La madre superiora y el doctor se entrevistaron con el señor obispo, que había recibido con antelación el informe escrito del doctor. Monseñor Gregorio Lascasas se llevó las manos a la cabeza. ¡Orgasmo…! ¿Podía tomarse esto en serio? ¿No debería consultar con el cardenal, o con la Santa Sede? Pero el doctor Andújar era un creyente fiel, un fiel servidor de la Iglesia. Y las pruebas estaban ahí. Sor Genoveva, en cuestión de seis meses, había adelgazado tanto que mirarla causaba pena.
La orden del señor obispo fue cortante. Fuera del convento y período de prueba en casa de don Eusebio Ferrándiz. Éste se encontraba tan solo que se alegró lo indecible. ¡Su hermana en casa! Era un obsequio providencial, que le llovía de donde menos podía esperarlo. Era como recibir una herencia de un tío que años atrás se fue a América.
Sor Genoveva, al enterarse de la decisión, estuvo a punto de lanzar un grito. Por respeto al señor obispo se contuvo. Naturalmente, no le dieron a conocer la causa exacta. Le hablaron de claustrofobia y de la inminencia de problemas respiratorios.
—Una temporada con su hermano, y luego veremos si puede usted renovar los votos o no.

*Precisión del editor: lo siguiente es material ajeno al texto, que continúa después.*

lemma gprod_palindrome:
  "distinct L \<Longrightarrow> set L \<subseteq> {..<p+q} \<Longrightarrow> gprod (L @ rev L) = cl_scale (\<Prod>a\<in>set L. eta p a) cl_one"
proof (induction L)
  case Nil
  then show ?case
    by simp
next
  case (Cons a L)
  then have a: "a < p+q" "a \<notin> set L"
    by auto
  have "gprod ((a # L) @ rev (a # L)) = M (g a) (M (gprod (L @ rev L)) (gprod [a]))"
    by (simp add: cl_mul_assoc)
  also have "\<dots> = cl_scale ((\<Prod>a\<in>set L. eta p a) * eta p a) cl_one"
    using Cons a
    by (simp add: cl_mul_one_right cl_mul_scale_left cl_mul_scale_right cl_mul_one_left valid_gen
        gen_mult_self)
  finally show ?case
    using a by (simp add: mult.commute)
qed

definition monomial :: "nat set \<Rightarrow> cl"
  where "monomial A = gprod (sorted_list_of_set A)"

definition rev_monomial :: "nat set \<Rightarrow> cl"
  where "rev_monomial A = gprod (rev (sorted_list_of_set A))"

lemma sorted_list_of_subset:
  "A \<subseteq> {..<p+q} \<Longrightarrow> sorted_wrt (<) (sorted_list_of_set A) \<and> distinct (sorted_list_of_set A)
    \<and> set (sorted_list_of_set A) = A"
  using finite_subset[of A "{..<p+q}"] by auto

lemma tr_monomial_rev_monomial:
  assumes A: "A \<subseteq> {..<p+q}" and B: "B \<subseteq> {..<p+q}"
  shows "cl_tr (M (monomial A) (rev_monomial B)) = (if A = B then (\<Prod>a\<in>B. eta p a) else 0)"
proof (cases "A = B")
  case True
  have "M (monomial A) (rev_monomial B) = gprod (sorted_list_of_set B @ rev (sorted_list_of_set B))"
    unfolding monomial_def rev_monomial_def True by simp
  also have "\<dots> = cl_scale (\<Prod>a\<in>B. eta p a) cl_one"
    using sorted_list_of_subset[OF B] B gprod_palindrome[of "sorted_list_of_set B"] by auto
  finally show ?thesis
    using True by simp
next
  case False
  let ?w = "sorted_list_of_set A @ rev (sorted_list_of_set B)"
  have ws: "set ?w \<subseteq> {..<p+q}"
    using sorted_list_of_subset[OF A] sorted_list_of_subset[OF B] A B by auto
  obtain c L where c: "c \<noteq> 0" "sorted_wrt (<) L" "set L = odd_letters ?w" "gprod ?w = cl_scale c (gprod L)"
    using gprod_normal_form[OF ws] by blast
  have "odd_letters ?w = symd A B"
    using sorted_list_of_subset[OF A] sorted_list_of_subset[OF B]
    by (simp add: odd_letters_append odd_letters_rev odd_letters_distinct)
  then have "L \<noteq> []" "set L \<subseteq> {..<p+q}"
    using c(3) False odd_letters_subset[OF ws] symd_empty_iff[of A B] by auto
  then have "cl_tr (gprod L) = 0"
    using tr_sorted_gprod c(2) by auto
  then show ?thesis
    using False c(4) by (simp add: monomial_def rev_monomial_def)
qed

end

section \<open>Elements commuting with a Clifford field vector\<close>

interpretation cl_vs: vector_space cl_scale
  by unfold_locales (auto simp: cl_scale_def fun_eq_iff algebra_simps)

lemma sum_cl_apply: "(\<Sum>w\<in>t. f w) C = (\<Sum>w\<in>t. f w C)" for f :: "'a \<Rightarrow> cl"
  by (induction t rule: infinite_finite_induct) auto

definition cl_basis :: "nat set \<Rightarrow> cl"
  where "cl_basis A = (\<lambda>C. if C = A then 1 else 0)"

lemma cl_valid_in_span_basis: "cl_valid p q U \<Longrightarrow> U \<in> cl_vs.span (cl_basis ` Pow {..<p+q})"
proof -
  assume U: "cl_valid p q U"
  have "U = (\<Sum>A\<in>Pow {..<p+q}. cl_scale (U A) (cl_basis A))"
  proof
    fix C
    have "(\<Sum>A\<in>Pow {..<p+q}. cl_scale (U A) (cl_basis A)) C = (\<Sum>A\<in>Pow {..<p+q}. if C = A then U A else 0)"
      unfolding sum_cl_apply by (rule sum.cong[OF refl]) (simp add: cl_scale_def cl_basis_def)
    also have "\<dots> = U C"
      using U unfolding cl_valid_def by (cases "C \<subseteq> {..<p+q}") auto
    finally show "U C = (\<Sum>A\<in>Pow {..<p+q}. cl_scale (U A) (cl_basis A)) C"
      by simp
  qed
  also have "\<dots> \<in> cl_vs.span (cl_basis ` Pow {..<p+q})"
    by (intro cl_vs.span_sum cl_vs.span_scale cl_vs.span_base) auto
  finally show ?thesis .
qed

lemma cl_gen_commute_coeff:
  assumes D: "D \<subseteq> {..<p+q}" and a: "a < p+q"
    and commute: "cl_mul p q Z (cl_gen a) = cl_mul p q (cl_gen a) Z"
  shows "cl_sign p D {a} * Z D = cl_sign p {a} D * Z D"
proof -
  let ?C = "symd D {a}"
  have C: "?C \<subseteq> {..<p+q}"
    using symd_subset_iff[OF D, of "{a}"] a by auto
  have "cl_mul p q Z (cl_gen a) ?C
      = (\<Sum>A\<in>Pow {..<p+q}. cl_sign p A (symd A ?C) * Z A * cl_gen a (symd A ?C))"
    using C by (simp add: cl_mul_apply)
  also have "\<dots> = (\<Sum>A\<in>Pow {..<p+q}. if A = D then cl_sign p D {a} * Z D else 0)"
    by (rule sum.cong[OF refl]) (simp add: cl_gen_def symd_eq_iff')
  also have "\<dots> = cl_sign p D {a} * Z D"
    using D by simp
  finally have right: "cl_mul p q Z (cl_gen a) ?C = cl_sign p D {a} * Z D" .
  have "cl_mul p q (cl_gen a) Z ?C
      = (\<Sum>A\<in>Pow {..<p+q}. cl_sign p A (symd A ?C) * cl_gen a A * Z (symd A ?C))"
    using C by (simp add: cl_mul_apply)
  also have "\<dots> = (\<Sum>A\<in>Pow {..<p+q}. if A = {a} then cl_sign p {a} D * Z D else 0)"
    by (rule sum.cong[OF refl]) (simp add: cl_gen_def)
  also have "\<dots> = cl_sign p {a} D * Z D"
    using a by simp
  finally have left: "cl_mul p q (cl_gen a) Z ?C = cl_sign p {a} D * Z D" .
  show ?thesis
    using commute right left by metis
qed

text \<open>Commuting with \<open>e\<^sub>a\<close> multiplies the coefficient of \<open>e\<^sub>D\<close> by \<open>(-1)^|D - {a}|\<close>, so a nonzero
coefficient forces \<open>|D - {a}|\<close> to be even for every \<open>a\<close>.\<close>

lemma commute_gens_coeff_nonzero:
  assumes D: "D \<subseteq> {..<p+q}"
    and commute: "\<And>a. a < p+q \<Longrightarrow> cl_mul p q Z (cl_gen a) = cl_mul p q (cl_gen a) Z"
    and nonzero: "Z D \<noteq> 0"
  shows "D = {} \<or> (D = {..<p+q} \<and> odd (p+q))"
proof -
  have fin: "finite D"
    using D finite_subset by blast
  have even: "even (card (D - {a}))" if a: "a < p+q" for a
  proof -
    have "cl_sign p D {a} = cl_sign p {a} D"
      using cl_gen_commute_coeff[OF D a commute[OF a]] nonzero by simp
    then have "(-1::complex) ^ card (D - {a}) = 1"
      using cl_sign_singleton_swap[OF fin, of p a] cl_sign_mult_self[of p D "{a}"] by simp
    then show ?thesis
      by (metis neg_one_odd_power one_neq_neg_one)
  qed
  show ?thesis
  proof (cases "D = {}")
    case False
    then obtain a where a: "a \<in> D"
      by auto
    then have "odd (card D)"
      using even[of a] D card_Suc_Diff1[OF fin a] by auto
    moreover have "D = {..<p+q}"
    proof (rule ccontr)
      assume "D \<noteq> {..<p+q}"
      then obtain b where "b < p+q" "b \<notin> D"
        using D by auto
      then show False
        using even[of b] \<open>odd (card D)\<close> by simp
    qed
    ultimately show ?thesis
      by simp
  qed simp
qed

context clifford_generators
begin

definition trace_pairing :: "nat set \<Rightarrow> cl \<Rightarrow> complex"
  where "trace_pairing B Y = cl_tr (M Y (rev_monomial B))"

lemma trace_pairing_sum:
  "trace_pairing B (\<Sum>w\<in>t. cl_scale (u w) w) = (\<Sum>w\<in>t. u w * trace_pairing B w)"
proof -
  have "trace_pairing B (\<Sum>w\<in>t. cl_scale (u w) w)
      = (\<Sum>A\<in>Pow {..<p+q}. \<Sum>w\<in>t. u w * (cl_sign p A A * w A * rev_monomial B A))"
    unfolding trace_pairing_def cl_tr_mul sum_cl_apply
    by (simp add: cl_scale_def sum_distrib_left sum_distrib_right algebra_simps)
  also have "\<dots> = (\<Sum>w\<in>t. u w * trace_pairing B w)"
    unfolding trace_pairing_def cl_tr_mul by (subst sum.swap) (simp add: sum_distrib_left)
  finally show ?thesis .
qed

lemma independent_monomials: "cl_vs.independent (monomial ` Pow {..<p+q})"
  unfolding cl_vs.independent_explicit_module
proof (intro allI impI)
  fix t u v
  assume t: "finite t" "t \<subseteq> monomial ` Pow {..<p+q}" "(\<Sum>v\<in>t. cl_scale (u v) v) = 0" "v \<in> t"
  obtain B where B: "B \<subseteq> {..<p+q}" "v = monomial B"
    using t by auto
  have others: "trace_pairing B w = 0" if w: "w \<in> t" "w \<noteq> v" for w
  proof -
    obtain A where A: "A \<subseteq> {..<p+q}" "w = monomial A"
      using t w by auto
    then have "A \<noteq> B"
      using w B by auto
    then show ?thesis
      unfolding trace_pairing_def A(2) using tr_monomial_rev_monomial[OF A(1) B(1)] by simp
  qed
  have "0 = trace_pairing B (\<Sum>v\<in>t. cl_scale (u v) v)"
    using t(3) by (simp add: trace_pairing_def cl_tr_def)
  also have "\<dots> = u v * trace_pairing B v"
    unfolding trace_pairing_sum using others t(1,4) by (subst sum.remove[of t v]) auto
  also have "trace_pairing B v = (\<Prod>a\<in>B. eta p a)"
    unfolding trace_pairing_def B(2) using tr_monomial_rev_monomial[OF B(1) B(1)] by simp
  finally show "u v = 0"
    using prod_eta_nonzero by simp
qed

lemma inj_on_monomial: "inj_on monomial (Pow {..<p+q})"
proof (rule inj_onI)
  fix A B
  assume A: "A \<in> Pow {..<p+q}" and B: "B \<in> Pow {..<p+q}" and eq: "monomial A = monomial B"
  have "cl_tr (M (monomial A) (rev_monomial B)) \<noteq> 0"
    using tr_monomial_rev_monomial[of B B] B eq prod_eta_nonzero by simp
  then show "A = B"
    using tr_monomial_rev_monomial[of A B] A B by (auto split: if_splits)
qed

text \<open>Valid elements lie in the span of the \<open>2\<^sup>n\<close> basis vectors, so the \<open>2\<^sup>n\<close> independent
monomials already span them.\<close>

lemma span_monomials: "cl_valid p q U \<Longrightarrow> U \<in> cl_vs.span (monomial ` Pow {..<p+q})"
proof (rule ccontr)
  assume U: "cl_valid p q U" and notin: "U \<notin> cl_vs.span (monomial ` Pow {..<p+q})"
  let ?H = "monomial ` Pow {..<p+q}"
  let ?E = "cl_basis ` Pow {..<p+q}"
  have "insert U ?H \<subseteq> cl_vs.span ?E"
  proof
    fix x
    assume "x \<in> insert U ?H"
    then have "cl_valid p q x"
      using U by (auto simp: monomial_def)
    then show "x \<in> cl_vs.span ?E"
      by (rule cl_valid_in_span_basis)
  qed
  moreover have "finite ?E"
    by simp
  ultimately have "card (insert U ?H) \<le> card ?E"
    using cl_vs.independent_span_bound cl_vs.independent_insertI[OF notin independent_monomials]
    by blast
  also have "\<dots> \<le> card (Pow {..<p+q})"
    by (rule card_image_le) simp
  finally have "card (insert U ?H) \<le> card (Pow {..<(p+q)})" .
  moreover have "U \<notin> ?H"
    using notin cl_vs.span_base[of U ?H] by blast
  then have "card (insert U ?H) = Suc (card (Pow {..<(p+q)}))"
    using card_image[OF inj_on_monomial] by (simp add: card_insert_disjoint)
  ultimately show False
    by simp
qed

text \<open>Commuting with the spanning monomials, \<open>Z\<close> commutes with every \<open>e\<^sub>a\<close>, so only its central
coefficients can be nonzero.\<close>

lemma commutant_eq_0:
  assumes valid: "cl_valid p q Z" and scalar: "Z {} = 0" and top: "odd (p+q) \<longrightarrow> Z {..<p+q} = 0"
    and commute: "\<And>a. a < p+q \<Longrightarrow> M Z (g a) = M (g a) Z"
  shows "Z = 0"
proof -
  have commute_gprod: "M Z (gprod w) = M (gprod w) Z" if "set w \<subseteq> {..<p+q}" for w
    using that
  proof (induction w)
    case Nil
    then show ?case
      by (simp add: cl_mul_one_left cl_mul_one_right valid)
  next
    case (Cons a w)
    then have "M Z (gprod (a # w)) = M (M (g a) Z) (gprod w)"
      using commute by (simp add: cl_mul_assoc[symmetric])
    also have "\<dots> = M (gprod (a # w)) Z"
      using Cons by (simp add: cl_mul_assoc)
    finally show ?case .
  qed
  have "M Z U = M U Z" if "U \<in> cl_vs.span (monomial ` Pow {..<p+q})" for U
    using that
  proof (induction rule: cl_vs.span_induct)
    case (step x)
    then show ?case
      unfolding monomial_def using commute_gprod sorted_list_of_subset by auto
  next
    case base
    show ?case
      unfolding cl_vs.subspace_def
      by (auto simp: cl_mul_add_left cl_mul_add_right cl_mul_scale_left cl_mul_scale_right)
  qed
  then have "M Z (cl_gen a) = M (cl_gen a) Z" if "a < p+q" for a
    using span_monomials that by (simp add: cl_valid_def cl_gen_def)
  then have "Z D = 0" if "D \<subseteq> {..<p+q}" for D
    using commute_gens_coeff_nonzero[OF that] scalar top by auto
  then show ?thesis
    using valid by (auto simp: cl_valid_def fun_eq_iff)
qed

end

section \<open>Limits and the derivative of the inverse\<close>

definition cl_norm :: "nat \<Rightarrow> nat \<Rightarrow> cl \<Rightarrow> real"
  where "cl_norm p q U = (\<Sum>A\<in>Pow {..<p+q}. cmod (U A))"

lemma cl_norm_nonneg: "0 \<le> cl_norm p q U"
  unfolding cl_norm_def by (simp add: sum_nonneg)

lemma norm_coeff_le_cl_norm: "C \<subseteq> {..<p+q} \<Longrightarrow> cmod (U C) \<le> cl_norm p q U"
  unfolding cl_norm_def by (rule member_le_sum) auto

lemma cl_norm_triangle: "cl_norm p q (U + V) \<le> cl_norm p q U + cl_norm p q V"
  unfolding cl_norm_def by (simp add: sum.distrib[symmetric] sum_mono norm_triangle_ineq)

Cuando don Eusebio Ferrándiz pasó a recogerla en un taxi al convento ella se sacó el pañuelo e hizo adiós. Le pareció que dejaba atrás lo que más quería: aquel Ecce Homo. Su hermano le dijo:
—No seas absurda. En casa puedes colocarte los Ecce Homo que quieras… Y pasarte rezando todos los ratos que te apetezcan.
* * *
El doctor Andújar aprovechó para visitar profesionalmente al señor obispo. Éste continuaba con sus catarros, probablemente de origen psíquico, con sus miedos, con su sensación de soledad. El psiquiatra descubrió que todos esos síntomas se habían incrementado de un tiempo a esta parte, coincidiendo con la marcha de la guerra. Los miedos del señor obispo se concretaban ahora en uno solo: que los rojos volvieran a apoderarse de España. ¡Qué horror! Él se salvó de milagro la primera vez, durante la guerra civil; ahora no le apetecería salvarse si en España volvían a mandar los anti-Dios, matando sacerdotes y religiosos y quemando iglesias. Pediría el martirio, eso es. Se dijo a sí mismo que algo fallaba en el mundo si las fuerzas del mal prevalecían. Tuvo que acordarse de las predicciones de José Luis Martínez de Soria, quien estaba a punto de casarse con Gracia Andújar. Realmente, el problema del diablo —de Lucifer— era fundamental. La gente lo caricaturizaba, sobre todo por Cuaresma y por Navidad, en la representación de
Els Pastorets
. Pero que ganaran los rusos no era como para dedicarse a la caricatura.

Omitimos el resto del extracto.